● RECORDS FOR PROCESSING:
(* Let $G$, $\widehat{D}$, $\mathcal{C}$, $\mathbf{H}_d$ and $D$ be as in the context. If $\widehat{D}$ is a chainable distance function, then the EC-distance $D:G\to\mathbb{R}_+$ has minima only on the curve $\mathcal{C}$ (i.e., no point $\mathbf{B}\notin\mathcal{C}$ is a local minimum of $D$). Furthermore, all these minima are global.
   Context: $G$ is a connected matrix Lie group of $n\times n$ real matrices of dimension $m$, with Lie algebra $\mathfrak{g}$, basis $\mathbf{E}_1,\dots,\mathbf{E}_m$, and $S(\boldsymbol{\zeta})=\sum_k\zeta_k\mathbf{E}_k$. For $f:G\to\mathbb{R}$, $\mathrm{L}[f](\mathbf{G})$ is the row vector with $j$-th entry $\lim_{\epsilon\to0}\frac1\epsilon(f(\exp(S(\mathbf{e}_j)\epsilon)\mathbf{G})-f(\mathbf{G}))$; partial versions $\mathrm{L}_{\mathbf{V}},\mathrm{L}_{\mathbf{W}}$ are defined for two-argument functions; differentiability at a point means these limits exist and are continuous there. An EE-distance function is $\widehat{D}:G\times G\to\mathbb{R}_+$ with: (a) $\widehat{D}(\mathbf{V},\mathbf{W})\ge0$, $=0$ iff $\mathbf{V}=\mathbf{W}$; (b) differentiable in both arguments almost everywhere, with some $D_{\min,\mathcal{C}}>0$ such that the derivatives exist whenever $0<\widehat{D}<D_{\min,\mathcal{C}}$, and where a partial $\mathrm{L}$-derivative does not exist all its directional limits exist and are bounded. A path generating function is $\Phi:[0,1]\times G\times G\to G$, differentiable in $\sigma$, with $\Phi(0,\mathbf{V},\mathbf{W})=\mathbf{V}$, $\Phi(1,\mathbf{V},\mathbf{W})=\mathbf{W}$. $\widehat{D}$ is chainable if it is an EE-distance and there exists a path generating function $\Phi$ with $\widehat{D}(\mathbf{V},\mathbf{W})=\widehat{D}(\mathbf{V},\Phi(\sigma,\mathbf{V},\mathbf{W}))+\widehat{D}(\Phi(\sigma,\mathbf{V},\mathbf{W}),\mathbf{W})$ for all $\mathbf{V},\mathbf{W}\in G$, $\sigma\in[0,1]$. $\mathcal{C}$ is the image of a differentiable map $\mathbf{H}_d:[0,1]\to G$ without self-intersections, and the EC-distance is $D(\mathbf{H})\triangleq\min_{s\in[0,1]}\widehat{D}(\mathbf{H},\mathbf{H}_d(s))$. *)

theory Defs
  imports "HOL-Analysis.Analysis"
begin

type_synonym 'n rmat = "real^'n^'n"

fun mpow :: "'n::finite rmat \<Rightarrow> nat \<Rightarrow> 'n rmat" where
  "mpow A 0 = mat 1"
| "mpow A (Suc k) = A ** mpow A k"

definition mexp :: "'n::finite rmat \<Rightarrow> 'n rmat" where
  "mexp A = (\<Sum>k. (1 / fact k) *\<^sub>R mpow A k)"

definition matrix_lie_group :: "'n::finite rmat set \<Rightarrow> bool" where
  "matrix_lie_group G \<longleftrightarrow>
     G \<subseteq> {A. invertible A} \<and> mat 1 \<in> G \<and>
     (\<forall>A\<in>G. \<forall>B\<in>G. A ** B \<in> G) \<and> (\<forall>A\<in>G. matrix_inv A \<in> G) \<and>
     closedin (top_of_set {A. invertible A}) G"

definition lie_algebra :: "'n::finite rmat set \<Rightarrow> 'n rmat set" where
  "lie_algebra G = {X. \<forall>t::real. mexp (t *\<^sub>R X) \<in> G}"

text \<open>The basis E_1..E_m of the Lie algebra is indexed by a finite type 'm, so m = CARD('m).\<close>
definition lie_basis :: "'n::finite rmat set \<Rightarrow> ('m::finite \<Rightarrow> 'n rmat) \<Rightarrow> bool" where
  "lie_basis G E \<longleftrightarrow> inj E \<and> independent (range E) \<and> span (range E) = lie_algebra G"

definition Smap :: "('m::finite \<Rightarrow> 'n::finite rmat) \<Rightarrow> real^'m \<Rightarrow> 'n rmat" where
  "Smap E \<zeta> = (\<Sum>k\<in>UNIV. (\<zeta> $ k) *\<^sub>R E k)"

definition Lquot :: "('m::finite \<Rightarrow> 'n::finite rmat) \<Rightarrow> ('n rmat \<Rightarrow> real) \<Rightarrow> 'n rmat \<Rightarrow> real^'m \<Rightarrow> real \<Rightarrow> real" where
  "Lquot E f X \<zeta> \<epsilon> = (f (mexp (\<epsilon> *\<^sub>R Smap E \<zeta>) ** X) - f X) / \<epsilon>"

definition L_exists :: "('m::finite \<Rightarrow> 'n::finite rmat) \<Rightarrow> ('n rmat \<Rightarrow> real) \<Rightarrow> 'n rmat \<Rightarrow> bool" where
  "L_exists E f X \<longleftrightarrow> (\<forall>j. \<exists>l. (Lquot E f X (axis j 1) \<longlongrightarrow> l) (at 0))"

● ACTIVITY: Each record is to be retyped exactly as written.

● SOLUTION TO THE PROBLEM:
(* Let $G$, $\widehat{D}$, $\mathcal{C}$, $\mathbf{H}_d$ and $D$ be as in the context. If $\widehat{D}$ is a chainable distance function, then the EC-distance $D:G\to\mathbb{R}_+$ has minima only on the curve $\mathcal{C}$ (i.e., no point $\mathbf{B}\notin\mathcal{C}$ is a local minimum of $D$). Furthermore, all these minima are global.
   Context: $G$ is a connected matrix Lie group of $n\times n$ real matrices of dimension $m$, with Lie algebra $\mathfrak{g}$, basis $\mathbf{E}_1,\dots,\mathbf{E}_m$, and $S(\boldsymbol{\zeta})=\sum_k\zeta_k\mathbf{E}_k$. For $f:G\to\mathbb{R}$, $\mathrm{L}[f](\mathbf{G})$ is the row vector with $j$-th entry $\lim_{\epsilon\to0}\frac1\epsilon(f(\exp(S(\mathbf{e}_j)\epsilon)\mathbf{G})-f(\mathbf{G}))$; partial versions $\mathrm{L}_{\mathbf{V}},\mathrm{L}_{\mathbf{W}}$ are defined for two-argument functions; differentiability at a point means these limits exist and are continuous there. An EE-distance function is $\widehat{D}:G\times G\to\mathbb{R}_+$ with: (a) $\widehat{D}(\mathbf{V},\mathbf{W})\ge0$, $=0$ iff $\mathbf{V}=\mathbf{W}$; (b) differentiable in both arguments almost everywhere, with some $D_{\min,\mathcal{C}}>0$ such that the derivatives exist whenever $0<\widehat{D}<D_{\min,\mathcal{C}}$, and where a partial $\mathrm{L}$-derivative does not exist all its directional limits exist and are bounded. A path generating function is $\Phi:[0,1]\times G\times G\to G$, differentiable in $\sigma$, with $\Phi(0,\mathbf{V},\mathbf{W})=\mathbf{V}$, $\Phi(1,\mathbf{V},\mathbf{W})=\mathbf{W}$. $\widehat{D}$ is chainable if it is an EE-distance and there exists a path generating function $\Phi$ with $\widehat{D}(\mathbf{V},\mathbf{W})=\widehat{D}(\mathbf{V},\Phi(\sigma,\mathbf{V},\mathbf{W}))+\widehat{D}(\Phi(\sigma,\mathbf{V},\mathbf{W}),\mathbf{W})$ for all $\mathbf{V},\mathbf{W}\in G$, $\sigma\in[0,1]$. $\mathcal{C}$ is the image of a differentiable map $\mathbf{H}_d:[0,1]\to G$ without self-intersections, and the EC-distance is $D(\mathbf{H})\triangleq\min_{s\in[0,1]}\widehat{D}(\mathbf{H},\mathbf{H}_d(s))$. *)

theory Defs
  imports "HOL-Analysis.Analysis"
begin

type_synonym 'n rmat = "real^'n^'n"

fun mpow :: "'n::finite rmat \<Rightarrow> nat \<Rightarrow> 'n rmat" where
  "mpow A 0 = mat 1"
| "mpow A (Suc k) = A ** mpow A k"

definition mexp :: "'n::finite rmat \<Rightarrow> 'n rmat" where
  "mexp A = (\<Sum>k. (1 / fact k) *\<^sub>R mpow A k)"

definition matrix_lie_group :: "'n::finite rmat set \<Rightarrow> bool" where
  "matrix_lie_group G \<longleftrightarrow>
     G \<subseteq> {A. invertible A} \<and> mat 1 \<in> G \<and>
     (\<forall>A\<in>G. \<forall>B\<in>G. A ** B \<in> G) \<and> (\<forall>A\<in>G. matrix_inv A \<in> G) \<and>
     closedin (top_of_set {A. invertible A}) G"

definition lie_algebra :: "'n::finite rmat set \<Rightarrow> 'n rmat set" where
  "lie_algebra G = {X. \<forall>t::real. mexp (t *\<^sub>R X) \<in> G}"

text \<open>The basis E_1..E_m of the Lie algebra is indexed by a finite type 'm, so m = CARD('m).\<close>
definition lie_basis :: "'n::finite rmat set \<Rightarrow> ('m::finite \<Rightarrow> 'n rmat) \<Rightarrow> bool" where
  "lie_basis G E \<longleftrightarrow> inj E \<and> independent (range E) \<and> span (range E) = lie_algebra G"

definition Smap :: "('m::finite \<Rightarrow> 'n::finite rmat) \<Rightarrow> real^'m \<Rightarrow> 'n rmat" where
  "Smap E \<zeta> = (\<Sum>k\<in>UNIV. (\<zeta> $ k) *\<^sub>R E k)"

definition Lquot :: "('m::finite \<Rightarrow> 'n::finite rmat) \<Rightarrow> ('n rmat \<Rightarrow> real) \<Rightarrow> 'n rmat \<Rightarrow> real^'m \<Rightarrow> real \<Rightarrow> real" where
  "Lquot E f X \<zeta> \<epsilon> = (f (mexp (\<epsilon> *\<^sub>R Smap E \<zeta>) ** X) - f X) / \<epsilon>"

definition L_exists :: "('m::finite \<Rightarrow> 'n::finite rmat) \<Rightarrow> ('n rmat \<Rightarrow> real) \<Rightarrow> 'n rmat \<Rightarrow> bool" where
  "L_exists E f X \<longleftrightarrow> (\<forall>j. \<exists>l. (Lquot E f X (axis j 1) \<longlongrightarrow> l) (at 0))"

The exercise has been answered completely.